DrHicks 01-23-2012 12:05 PM

^^ The FHA "inspector" that inspected my son's home twice (he had to find some problems, in order to ensure that he had to come back and make sure everything was okay - for an additional $400) didn't notice a nearly 2 square foot HOLE in the roof - despite the fact that there was water damage directly under the hole. He did, however, notice that some paint was peeling on an unattached patio, and made them paint it. The guy was an idiot and/or a crook.

Fortunately, not all home inspectors are that crooked.

gma2rjc 01-23-2012 12:19 PM

Quote:

Originally Posted by spiragui (Post 832092)
...... What p1$$ed me off about the whole thing is the whole 'we don't do the roof' attitude to home inspection.

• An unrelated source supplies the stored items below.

(* Let $M,N$ be finitary matroids on $E$, $b=(B_M,B_N)$ with $B_M$ a base of $M$ and $B_N$ a base of $N$, let $P$ be a finite directed path without shortcuts in $D(b)$, let $(B_M',B_N'):=b\circ P$, and let $U$ be the union of the escorting circuits of the arcs of $P$. Then $D_M(B_M')[E\setminus U]=D_M(B_M)[E\setminus U]$ and $D_N(B_N')[E\setminus U]=D_N(B_N)[E\setminus U]$.
   Context: For a base $B$ of a matroid $M$ on $E$, $D_M(B)$ is the digraph on $E$ with $ef\in D_M(B)$ iff $e\in E\setminus B$ and $f\in C_M(e,B)\setminus\{e\}$ ($C_M(e,B)$ the fundamental circuit of $e$ on $B$). $D^{-1}$ reverses all arcs; $D(b):=D_M(B_M)\cup D_N^{-1}(B_N)$. Escorting circuits of an arc $ef\in D(b)$: $C_M(e,B_M)$ if $ef\in D_M(B_M)$, and $C_N(f,B_N)$ if $ef\in D_N^{-1}(B_N)$. A shortcut of a path $P$ is an arc $ef\in D(b)$ with $e,f\in E(P)$, $f$ later than $e$ on $P$, $ef\notin A(P)$. $b\circ P=(B_M',B_N')$ where $B_M'$ is obtained from $B_M$ by adding tails and deleting heads of arcs in $A(P)\cap D_M(B_M)$, and $B_N'$ from $B_N$ by adding heads and deleting tails of arcs in $A(P)\cap D_N^{-1}(B_N)$ (these are bases). $D[X]$ denotes the subdigraph induced on $X$. *)

theory Defs
  imports Main
begin

text \<open>A matroid on a (possibly infinite) ground set E, given by its set of
independent sets, following the axioms (I1), (I2), (I3), (IM) of
Bruhn, Diestel, Kriesell, Pendavingh and Wollan; finitary means that a set is
independent as soon as all its finite subsets are.\<close>

definition mbase :: "'a set \<Rightarrow> 'a set set \<Rightarrow> 'a set \<Rightarrow> bool" where
  "mbase E \<I> B \<longleftrightarrow> B \<in> \<I> \<and> (\<forall>X\<in>\<I>. B \<subseteq> X \<longrightarrow> X = B)"

definition matroid :: "'a set \<Rightarrow> 'a set set \<Rightarrow> bool" where
  "matroid E \<I> \<longleftrightarrow>
     (\<forall>X\<in>\<I>. X \<subseteq> E) \<and>
     {} \<in> \<I> \<and>
     (\<forall>X Y. X \<in> \<I> \<longrightarrow> Y \<subseteq> X \<longrightarrow> Y \<in> \<I>) \<and>
     (\<forall>X Y. X \<in> \<I> \<longrightarrow> \<not> mbase E \<I> X \<longrightarrow> mbase E \<I> Y \<longrightarrow>
            (\<exists>x\<in>Y - X. insert x X \<in> \<I>)) \<and>
     (\<forall>X Y. X \<in> \<I> \<longrightarrow> X \<subseteq> Y \<longrightarrow> Y \<subseteq> E \<longrightarrow>
            (\<exists>Z. Z \<in> \<I> \<and> X \<subseteq> Z \<and> Z \<subseteq> Y \<and>
                 (\<forall>W\<in>\<I>. Z \<subseteq> W \<longrightarrow> W \<subseteq> Y \<longrightarrow> W = Z)))"

definition finitary_matroid :: "'a set \<Rightarrow> 'a set set \<Rightarrow> bool" where
  "finitary_matroid E \<I> \<longleftrightarrow> matroid E \<I> \<and>
     (\<forall>X. X \<subseteq> E \<longrightarrow> (\<forall>F. F \<subseteq> X \<longrightarrow> finite F \<longrightarrow> F \<in> \<I>) \<longrightarrow> X \<in> \<I>)"

definition mcircuit :: "'a set \<Rightarrow> 'a set set \<Rightarrow> 'a set \<Rightarrow> bool" where
  "mcircuit E \<I> C \<longleftrightarrow> C \<subseteq> E \<and> C \<notin> \<I> \<and> (\<forall>D. D \<subset> C \<longrightarrow> D \<in> \<I>)"

definition fcirc :: "'a set \<Rightarrow> 'a set set \<Rightarrow> 'a \<Rightarrow> 'a set \<Rightarrow> 'a set" where
  "fcirc E \<I> e B = (THE C. mcircuit E \<I> C \<and> C \<subseteq> insert e B)"

definition exdig :: "'a set \<Rightarrow> 'a set set \<Rightarrow> 'a set \<Rightarrow> ('a \<times> 'a) set" where
  "exdig E \<I> B = {(e, f). e \<in> E - B \<and> f \<in> fcirc E \<I> e B - {e}}"

definition Db :: "'a set \<Rightarrow> 'a set set \<Rightarrow> 'a set set \<Rightarrow> 'a set \<Rightarrow> 'a set \<Rightarrow> ('a \<times> 'a) set" where
  "Db E IM IN BM BN = exdig E IM BM \<union> (exdig E IN BN)\<inverse>"

definition path_arcs :: "'a list \<Rightarrow> ('a \<times> 'a) set" where
  "path_arcs P = set (zip P (tl P))"

definition dpath :: "('a \<times> 'a) set \<Rightarrow> 'a list \<Rightarrow> bool" where
  "dpath D P \<longleftrightarrow> P \<noteq> [] \<and> distinct P \<and> path_arcs P \<subseteq> D"

definition no_shortcuts :: "('a \<times> 'a) set \<Rightarrow> 'a list \<Rightarrow> bool" where
  "no_shortcuts D P \<longleftrightarrow>
     (\<forall>i j. i < j \<longrightarrow> j < length P \<longrightarrow> (P ! i, P ! j) \<in> D \<longrightarrow> (P ! i, P ! j) \<in> path_arcs P)"

definition newBM :: "'a set \<Rightarrow> 'a set set \<Rightarrow> 'a set \<Rightarrow> 'a list \<Rightarrow> 'a set" where
  "newBM E IM BM P =
     (BM \<union> fst ` (path_arcs P \<inter> exdig E IM BM)) - snd ` (path_arcs P \<inter> exdig E IM BM)"

definition newBN :: "'a set \<Rightarrow> 'a set set \<Rightarrow> 'a set \<Rightarrow> 'a list \<Rightarrow> 'a set" where
  "newBN E IN BN P =
     (BN \<union> snd ` (path_arcs P \<inter> (exdig E IN BN)\<inverse>)) - fst ` (path_arcs P \<inter> (exdig E IN BN)\<inverse>)"

definition escort_union :: "'a set \<Rightarrow> 'a set set \<Rightarrow> 'a set set \<Rightarrow> 'a set \<Rightarrow> 'a set \<Rightarrow> 'a list \<Rightarrow> 'a set" where
  "escort_union E IM IN BM BN P =
     (\<Union>(e, f)\<in>path_arcs P \<inter> exdig E IM BM. fcirc E IM e BM) \<union>
     (\<Union>(e, f)\<in>path_arcs P \<inter> (exdig E IN BN)\<inverse>. fcirc E IN f BN)"

definition induced :: "('a \<times> 'a) set \<Rightarrow> 'a set \<Rightarrow> ('a \<times> 'a) set" where
  "induced D X = D \<inter> (X \<times> X)"

end

theory Submission
  imports Defs
begin

(*
  Read from its last arc backwards, the list of arcs of P lying in D_M(B_M) is a chain of
  exchanges in which no exchange deletes an element of the fundamental circuit of an arc still
  to be processed: otherwise that circuit would yield a shortcut of P.  Hence every fundamental
  circuit C(e, B_M) stays the fundamental circuit of e in the current base, so each step is a base
  exchange.  A single exchange of e for f in a circuit C does not change, for y and x outside C,
  whether y + B - x is independent, because e and f can replace each other in C.  As the arcs of
  D_M(B) are characterised by exactly this independence, D_M is unchanged away from the circuits.
  For N the arcs of D_N^{-1}(B_N) are processed in path order, i.e. the reversed list.
*)

lemma matroid_indep_subset_ground: "matroid E I \<Longrightarrow> X \<in> I \<Longrightarrow> X \<subseteq> E"
  unfolding matroid_def by meson

lemma matroid_indep_subset: "matroid E I \<Longrightarrow> X \<in> I \<Longrightarrow> Y \<subseteq> X \<Longrightarrow> Y \<in> I"
  unfolding matroid_def by meson

lemma matroid_augment:
  "matroid E I \<Longrightarrow> X \<in> I \<Longrightarrow> \<not> mbase E I X \<Longrightarrow> mbase E I Y \<Longrightarrow> \<exists>x\<in>Y - X. insert x X \<in> I"
  unfolding matroid_def by meson

lemma matroid_maximal_indep:
  "matroid E I \<Longrightarrow> X \<in> I \<Longrightarrow> X \<subseteq> Y \<Longrightarrow> Y \<subseteq> E \<Longrightarrow>
     \<exists>Z\<in>I. X \<subseteq> Z \<and> Z \<subseteq> Y \<and> (\<forall>W\<in>I. Z \<subseteq> W \<longrightarrow> W \<subseteq> Y \<longrightarrow> W = Z)"
  unfolding matroid_def by meson

lemma finitary_matroid_matroid: "finitary_matroid E I \<Longrightarrow> matroid E I"
  unfolding finitary_matroid_def by blast

lemma finitary_matroid_indep_if_finite_subsets:
  "finitary_matroid E I \<Longrightarrow> X \<subseteq> E \<Longrightarrow> (\<And>F. F \<subseteq> X \<Longrightarrow> finite F \<Longrightarrow> F \<in> I) \<Longrightarrow> X \<in> I"
  unfolding finitary_matroid_def by blast

lemma mbase_indep: "mbase E I B \<Longrightarrow> B \<in> I"
  unfolding mbase_def by blast

lemma mcircuit_subset_dep: "matroid E I \<Longrightarrow> mcircuit E I C \<Longrightarrow> C \<subseteq> X \<Longrightarrow> X \<notin> I"
  unfolding mcircuit_def by (meson matroid_indep_subset)

lemma matroid_mbase_superset:
  assumes M: "matroid E I" and T: "T \<in> I"
  obtains B where "mbase E I B" "T \<subseteq> B"
proof -
  obtain Z where Z: "Z \<in> I" "T \<subseteq> Z" and max: "\<forall>W\<in>I. Z \<subseteq> W \<longrightarrow> W \<subseteq> E \<longrightarrow> W = Z"
    using matroid_maximal_indep[OF M T matroid_indep_subset_ground[OF M T] order_refl] by blast
  have "mbase E I Z"
    unfolding mbase_def using Z(1) max matroid_indep_subset_ground[OF M] by blast
  then show thesis using Z(2) by (rule that)
qed

lemma finitary_dep_contains_mcircuit:
  assumes F: "finitary_matroid E I" and "X \<subseteq> E" "X \<notin> I"
  obtains C where "mcircuit E I C" "C \<subseteq> X"
proof -
  obtain S where S: "S \<subseteq> X" "finite S" "S \<notin> I"
    using finitary_matroid_indep_if_finite_subsets[OF F \<open>X \<subseteq> E\<close>] \<open>X \<notin> I\<close> by blast
  define Deps where "Deps = {C. C \<subseteq> S \<and> C \<notin> I}"
  have "finite Deps" "S \<in> Deps" using S(2,3) unfolding Deps_def by auto
  then obtain C where C: "C \<in> Deps" and min: "\<And>D. D \<in> Deps \<Longrightarrow> D \<subseteq> C \<Longrightarrow> C = D"
    using finite_has_minimal[of Deps] by blast
  have "D \<in> I" if "D \<subset> C" for D
    using that C min[of D] unfolding Deps_def by blast
  then have "mcircuit E I C"
    using C S(1) \<open>X \<subseteq> E\<close> unfolding mcircuit_def Deps_def by blast
  moreover have "C \<subseteq> X" using C S(1) unfolding Deps_def by blast
  ultimately show thesis by (rule that)
qed

(*
  A maximal independent Z with C - f \<subseteq> Z \<subseteq> B - f + e is a base, since Z + f would contain C;
  augmenting B - f from Z can then only add e.
*)
lemma mbase_exchange_indep:
  assumes M: "matroid E I" and B: "mbase E I B" and "f \<in> B" "e \<in> E"
    and C: "mcircuit E I C" "f \<in> C" "C \<subseteq> insert e B"
  shows "insert e (B - {f}) \<in> I"
proof -
  define Y where "Y = insert e (B - {f})"
  have "C - {f} \<in> I" using C(1,2) unfolding mcircuit_def by blast
  moreover have "C - {f} \<subseteq> Y" using C(3) unfolding Y_def by blast
  moreover have "Y \<subseteq> E"
    unfolding Y_def using \<open>e \<in> E\<close> matroid_indep_subset_ground[OF M mbase_indep[OF B]] by blast
  ultimately obtain Z where Z: "Z \<in> I" "C - {f} \<subseteq> Z" "Z \<subseteq> Y"
    and Zmax: "\<forall>W\<in>I. Z \<subseteq> W \<longrightarrow> W \<subseteq> Y \<longrightarrow> W = Z"
    using matroid_maximal_indep[OF M] by meson
  have Z_base: "mbase E I Z"
  proof (rule ccontr)
    assume "\<not> mbase E I Z"
    then obtain x where x: "x \<in> B" "x \<notin> Z" "insert x Z \<in> I"
      using matroid_augment[OF M Z(1) _ B] by blast
    show False
    proof (cases "x = f")
      case True
      then have "C \<subseteq> insert x Z" using Z(2) by blast
      then show False using x(3) mcircuit_subset_dep[OF M C(1)] by blast
    next
      case False
      then have "insert x Z \<subseteq> Y" using x(1) Z(3) unfolding Y_def by blast
      then have "insert x Z = Z" using Zmax x(3) by blast
      then show False using x(2) by blast
    qed
  qed
  have "B - {f} \<in> I" using matroid_indep_subset[OF M mbase_indep[OF B]] by blast
  moreover have "\<not> mbase E I (B - {f})"
    using mbase_indep[OF B] \<open>f \<in> B\<close> unfolding mbase_def by blast
  ultimately obtain x where "x \<in> Z - (B - {f})" "insert x (B - {f}) \<in> I"
    using matroid_augment[OF M _ _ Z_base] by blast
  moreover from this have "x = e" using Z(3) unfolding Y_def by blast
  ultimately show ?thesis unfolding Y_def by simp
qed

lemma indep_exchange:
  assumes M: "matroid E I" and "T \<in> I" "f \<in> T" "e \<in> E"
    and C: "mcircuit E I C" "f \<in> C" "C \<subseteq> insert e T"
  shows "insert e (T - {f}) \<in> I"
proof -
  obtain B where B: "mbase E I B" "T \<subseteq> B" using matroid_mbase_superset[OF M \<open>T \<in> I\<close>] .
  have "f \<in> B" "C \<subseteq> insert e B" using \<open>f \<in> T\<close> C(3) B(2) by blast+
  then have "insert e (B - {f}) \<in> I" by (rule mbase_exchange_indep[OF M B(1) _ \<open>e \<in> E\<close> C(1,2)])
  moreover have "insert e (T - {f}) \<subseteq> insert e (B - {f})" using B(2) by blast
  ultimately show ?thesis by (rule matroid_indep_subset[OF M])
qed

The roof is a substantial and critical component of the home, so for an inspection to say that because of the inherent hazards of getting on a roof we recommend getting an experienced roofer to look at it seems a bit of a cop-out. Why not get an electrician to double check the electrical outlets as electricity is inherently hazardous?.......

Cheers
Chris

Before committing to a 30-year house payment, you should be hiring an experienced licensed electrician to do an inspection. Also a professional roofer, licensed plumber, HVAC guy, etc. IMO it's worth the extra money.